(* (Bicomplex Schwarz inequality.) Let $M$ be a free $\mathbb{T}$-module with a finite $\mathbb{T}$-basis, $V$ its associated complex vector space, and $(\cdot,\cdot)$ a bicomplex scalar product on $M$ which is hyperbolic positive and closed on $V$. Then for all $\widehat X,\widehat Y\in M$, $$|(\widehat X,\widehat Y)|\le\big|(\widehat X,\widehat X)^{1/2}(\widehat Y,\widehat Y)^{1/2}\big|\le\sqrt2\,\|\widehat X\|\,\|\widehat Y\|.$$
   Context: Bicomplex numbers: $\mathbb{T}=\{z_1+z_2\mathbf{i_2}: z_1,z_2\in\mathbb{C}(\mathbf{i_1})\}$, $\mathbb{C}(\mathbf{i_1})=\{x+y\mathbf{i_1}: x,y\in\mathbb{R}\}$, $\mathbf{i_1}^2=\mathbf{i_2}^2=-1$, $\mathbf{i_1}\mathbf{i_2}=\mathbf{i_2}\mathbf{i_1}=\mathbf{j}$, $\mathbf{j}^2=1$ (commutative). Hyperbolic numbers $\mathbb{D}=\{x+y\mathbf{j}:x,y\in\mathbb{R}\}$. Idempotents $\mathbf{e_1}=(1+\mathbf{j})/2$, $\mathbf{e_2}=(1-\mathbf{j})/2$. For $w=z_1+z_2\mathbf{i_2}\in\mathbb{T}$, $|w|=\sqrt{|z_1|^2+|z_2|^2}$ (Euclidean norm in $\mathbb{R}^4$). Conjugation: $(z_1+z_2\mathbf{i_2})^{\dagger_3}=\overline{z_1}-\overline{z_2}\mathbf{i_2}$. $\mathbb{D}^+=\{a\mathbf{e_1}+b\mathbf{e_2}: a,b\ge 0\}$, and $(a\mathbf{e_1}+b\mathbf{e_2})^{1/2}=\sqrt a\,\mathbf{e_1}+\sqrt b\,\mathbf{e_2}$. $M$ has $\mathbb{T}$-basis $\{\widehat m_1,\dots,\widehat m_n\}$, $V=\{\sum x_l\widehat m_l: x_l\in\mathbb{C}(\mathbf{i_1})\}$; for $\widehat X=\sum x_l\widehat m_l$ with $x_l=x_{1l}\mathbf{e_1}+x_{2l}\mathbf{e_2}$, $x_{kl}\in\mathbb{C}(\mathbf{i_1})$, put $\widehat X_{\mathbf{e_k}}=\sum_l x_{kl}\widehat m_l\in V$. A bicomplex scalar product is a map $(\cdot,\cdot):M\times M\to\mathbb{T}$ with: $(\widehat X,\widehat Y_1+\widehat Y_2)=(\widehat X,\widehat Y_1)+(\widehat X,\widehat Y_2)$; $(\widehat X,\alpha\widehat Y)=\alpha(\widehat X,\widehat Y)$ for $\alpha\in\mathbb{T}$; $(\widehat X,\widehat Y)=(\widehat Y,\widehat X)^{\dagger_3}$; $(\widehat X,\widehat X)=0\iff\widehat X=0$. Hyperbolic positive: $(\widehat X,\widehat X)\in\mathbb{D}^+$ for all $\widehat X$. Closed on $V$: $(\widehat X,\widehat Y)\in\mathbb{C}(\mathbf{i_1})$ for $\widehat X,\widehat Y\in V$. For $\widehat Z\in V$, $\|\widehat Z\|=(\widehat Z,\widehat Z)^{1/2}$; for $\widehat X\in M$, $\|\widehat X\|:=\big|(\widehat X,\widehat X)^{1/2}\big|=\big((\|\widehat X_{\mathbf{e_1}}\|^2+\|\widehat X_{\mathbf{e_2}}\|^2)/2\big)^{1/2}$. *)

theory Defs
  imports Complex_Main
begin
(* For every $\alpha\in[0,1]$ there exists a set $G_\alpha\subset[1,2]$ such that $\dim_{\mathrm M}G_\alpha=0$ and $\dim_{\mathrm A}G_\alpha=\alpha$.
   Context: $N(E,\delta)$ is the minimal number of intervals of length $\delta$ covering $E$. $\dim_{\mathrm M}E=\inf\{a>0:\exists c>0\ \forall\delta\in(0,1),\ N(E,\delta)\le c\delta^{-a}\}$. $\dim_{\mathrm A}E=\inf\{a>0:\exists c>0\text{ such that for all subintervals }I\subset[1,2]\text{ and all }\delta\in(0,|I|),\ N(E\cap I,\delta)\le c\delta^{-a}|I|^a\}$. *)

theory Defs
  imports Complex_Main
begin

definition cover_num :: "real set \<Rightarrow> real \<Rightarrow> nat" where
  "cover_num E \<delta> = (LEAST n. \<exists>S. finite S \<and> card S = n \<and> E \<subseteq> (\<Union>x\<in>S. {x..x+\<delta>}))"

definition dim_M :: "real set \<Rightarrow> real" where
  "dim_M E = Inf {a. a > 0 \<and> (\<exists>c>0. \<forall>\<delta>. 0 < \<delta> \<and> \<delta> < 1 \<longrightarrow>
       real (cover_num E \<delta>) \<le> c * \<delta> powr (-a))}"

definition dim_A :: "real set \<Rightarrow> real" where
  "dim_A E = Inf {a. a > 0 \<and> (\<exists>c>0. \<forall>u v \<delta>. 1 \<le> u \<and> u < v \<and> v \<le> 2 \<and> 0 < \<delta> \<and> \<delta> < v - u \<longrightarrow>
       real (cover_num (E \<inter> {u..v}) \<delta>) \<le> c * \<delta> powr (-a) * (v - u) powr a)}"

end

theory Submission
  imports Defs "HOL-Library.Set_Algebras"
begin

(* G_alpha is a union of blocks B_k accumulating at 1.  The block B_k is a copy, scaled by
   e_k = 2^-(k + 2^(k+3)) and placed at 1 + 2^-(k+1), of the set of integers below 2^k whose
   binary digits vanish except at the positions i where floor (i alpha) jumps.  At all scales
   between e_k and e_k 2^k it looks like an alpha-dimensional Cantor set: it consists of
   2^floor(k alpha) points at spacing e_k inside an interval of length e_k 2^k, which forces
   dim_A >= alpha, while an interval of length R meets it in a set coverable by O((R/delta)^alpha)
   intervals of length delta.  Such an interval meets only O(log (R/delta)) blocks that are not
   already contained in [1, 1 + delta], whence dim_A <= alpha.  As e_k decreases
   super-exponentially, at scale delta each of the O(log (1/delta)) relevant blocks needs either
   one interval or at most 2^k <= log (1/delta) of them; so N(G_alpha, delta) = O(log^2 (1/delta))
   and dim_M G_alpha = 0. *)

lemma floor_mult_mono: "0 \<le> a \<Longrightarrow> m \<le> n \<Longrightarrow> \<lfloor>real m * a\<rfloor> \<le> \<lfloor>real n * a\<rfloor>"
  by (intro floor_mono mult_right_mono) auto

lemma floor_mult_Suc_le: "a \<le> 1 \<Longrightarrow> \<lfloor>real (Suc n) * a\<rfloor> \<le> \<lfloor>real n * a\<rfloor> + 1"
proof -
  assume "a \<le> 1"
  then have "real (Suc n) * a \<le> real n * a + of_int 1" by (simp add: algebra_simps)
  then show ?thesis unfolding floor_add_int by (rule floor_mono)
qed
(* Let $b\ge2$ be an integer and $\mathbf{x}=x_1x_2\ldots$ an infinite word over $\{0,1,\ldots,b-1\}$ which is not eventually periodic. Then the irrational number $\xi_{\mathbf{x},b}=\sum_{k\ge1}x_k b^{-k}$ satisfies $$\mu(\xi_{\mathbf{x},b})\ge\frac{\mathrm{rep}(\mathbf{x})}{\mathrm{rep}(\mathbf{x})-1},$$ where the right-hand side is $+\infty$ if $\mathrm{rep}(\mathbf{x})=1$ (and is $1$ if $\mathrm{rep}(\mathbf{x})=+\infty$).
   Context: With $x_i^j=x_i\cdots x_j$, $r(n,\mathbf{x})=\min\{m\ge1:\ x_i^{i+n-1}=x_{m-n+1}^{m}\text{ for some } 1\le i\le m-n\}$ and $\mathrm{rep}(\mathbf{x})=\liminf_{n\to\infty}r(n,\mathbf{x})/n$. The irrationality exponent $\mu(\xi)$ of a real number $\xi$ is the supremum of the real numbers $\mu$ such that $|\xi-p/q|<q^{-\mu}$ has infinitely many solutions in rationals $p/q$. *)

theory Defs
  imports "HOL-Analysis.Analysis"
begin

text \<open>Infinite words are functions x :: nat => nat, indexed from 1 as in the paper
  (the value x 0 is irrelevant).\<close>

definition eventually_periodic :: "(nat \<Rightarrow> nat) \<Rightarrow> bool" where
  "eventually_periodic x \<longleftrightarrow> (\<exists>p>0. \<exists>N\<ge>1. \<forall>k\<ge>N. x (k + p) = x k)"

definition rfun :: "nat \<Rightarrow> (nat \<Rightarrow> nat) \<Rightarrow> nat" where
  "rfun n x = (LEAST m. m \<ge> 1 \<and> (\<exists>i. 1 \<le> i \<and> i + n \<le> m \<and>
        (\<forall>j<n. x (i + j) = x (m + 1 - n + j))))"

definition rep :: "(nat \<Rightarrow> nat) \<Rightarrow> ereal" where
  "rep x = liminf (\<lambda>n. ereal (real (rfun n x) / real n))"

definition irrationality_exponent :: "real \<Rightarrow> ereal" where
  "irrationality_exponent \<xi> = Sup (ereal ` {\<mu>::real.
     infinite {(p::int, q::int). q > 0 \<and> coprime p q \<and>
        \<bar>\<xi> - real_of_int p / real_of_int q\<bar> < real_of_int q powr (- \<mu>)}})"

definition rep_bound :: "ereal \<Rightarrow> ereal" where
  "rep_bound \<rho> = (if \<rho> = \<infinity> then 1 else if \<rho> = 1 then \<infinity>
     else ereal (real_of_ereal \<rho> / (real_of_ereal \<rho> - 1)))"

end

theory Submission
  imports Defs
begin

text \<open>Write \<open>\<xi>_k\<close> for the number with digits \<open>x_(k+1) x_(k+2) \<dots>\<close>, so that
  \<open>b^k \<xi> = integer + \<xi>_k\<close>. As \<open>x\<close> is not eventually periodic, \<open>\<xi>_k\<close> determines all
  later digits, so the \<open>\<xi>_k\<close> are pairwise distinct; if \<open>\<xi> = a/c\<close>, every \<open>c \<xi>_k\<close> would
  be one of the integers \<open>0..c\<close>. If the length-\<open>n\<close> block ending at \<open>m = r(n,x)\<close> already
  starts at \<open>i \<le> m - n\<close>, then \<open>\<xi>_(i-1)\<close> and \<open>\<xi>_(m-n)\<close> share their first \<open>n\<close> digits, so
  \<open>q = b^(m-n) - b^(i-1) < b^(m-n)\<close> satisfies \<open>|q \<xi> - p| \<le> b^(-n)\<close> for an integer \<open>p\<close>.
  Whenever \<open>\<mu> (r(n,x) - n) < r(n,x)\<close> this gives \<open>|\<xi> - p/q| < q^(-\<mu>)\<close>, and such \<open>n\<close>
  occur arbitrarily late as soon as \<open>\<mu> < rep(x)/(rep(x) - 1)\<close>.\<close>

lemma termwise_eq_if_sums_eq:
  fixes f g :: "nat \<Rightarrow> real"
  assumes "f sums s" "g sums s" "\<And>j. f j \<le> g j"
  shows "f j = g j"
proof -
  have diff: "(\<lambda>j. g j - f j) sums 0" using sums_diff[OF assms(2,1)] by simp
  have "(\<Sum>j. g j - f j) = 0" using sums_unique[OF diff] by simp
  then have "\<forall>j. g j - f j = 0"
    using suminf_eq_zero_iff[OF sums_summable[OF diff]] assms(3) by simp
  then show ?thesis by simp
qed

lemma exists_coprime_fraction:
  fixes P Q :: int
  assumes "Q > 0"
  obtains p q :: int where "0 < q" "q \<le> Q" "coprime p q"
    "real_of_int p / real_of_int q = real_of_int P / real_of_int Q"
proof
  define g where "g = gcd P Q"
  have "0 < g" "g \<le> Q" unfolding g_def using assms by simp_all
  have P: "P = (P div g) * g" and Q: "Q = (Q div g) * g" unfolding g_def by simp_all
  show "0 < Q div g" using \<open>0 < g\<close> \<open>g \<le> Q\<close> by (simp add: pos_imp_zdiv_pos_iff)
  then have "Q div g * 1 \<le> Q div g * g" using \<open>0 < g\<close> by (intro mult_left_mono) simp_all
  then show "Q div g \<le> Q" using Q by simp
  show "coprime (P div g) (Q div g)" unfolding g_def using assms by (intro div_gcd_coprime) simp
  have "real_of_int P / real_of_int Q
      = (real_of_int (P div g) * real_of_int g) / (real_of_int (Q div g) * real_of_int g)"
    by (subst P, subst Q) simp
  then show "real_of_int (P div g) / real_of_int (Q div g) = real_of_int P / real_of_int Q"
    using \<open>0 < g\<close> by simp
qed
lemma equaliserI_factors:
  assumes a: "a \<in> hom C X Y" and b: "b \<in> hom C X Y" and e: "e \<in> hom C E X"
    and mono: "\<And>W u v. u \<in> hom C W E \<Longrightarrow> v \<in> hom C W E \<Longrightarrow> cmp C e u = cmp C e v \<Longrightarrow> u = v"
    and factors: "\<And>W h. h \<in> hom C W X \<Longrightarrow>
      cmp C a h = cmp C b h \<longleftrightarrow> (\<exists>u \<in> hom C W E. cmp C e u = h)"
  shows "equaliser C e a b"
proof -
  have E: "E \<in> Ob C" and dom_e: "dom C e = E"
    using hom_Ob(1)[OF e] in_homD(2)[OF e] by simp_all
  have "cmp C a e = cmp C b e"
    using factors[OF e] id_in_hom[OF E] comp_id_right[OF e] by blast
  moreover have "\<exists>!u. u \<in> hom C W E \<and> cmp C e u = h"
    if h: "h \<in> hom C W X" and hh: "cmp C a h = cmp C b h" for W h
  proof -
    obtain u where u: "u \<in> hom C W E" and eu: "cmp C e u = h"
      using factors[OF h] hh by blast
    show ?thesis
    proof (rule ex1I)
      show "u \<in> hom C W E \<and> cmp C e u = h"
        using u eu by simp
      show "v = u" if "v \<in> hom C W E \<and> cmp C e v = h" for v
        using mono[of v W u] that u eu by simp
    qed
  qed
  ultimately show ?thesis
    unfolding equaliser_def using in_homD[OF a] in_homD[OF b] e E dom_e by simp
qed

--------------------

What to work on: A complete answer gives every line of the records holding "thesis".

Exercise response:
  then show ?thesis unfolding floor_add_int by (rule floor_mono)
  then show ?thesis by simp
    show ?thesis
  ultimately show ?thesis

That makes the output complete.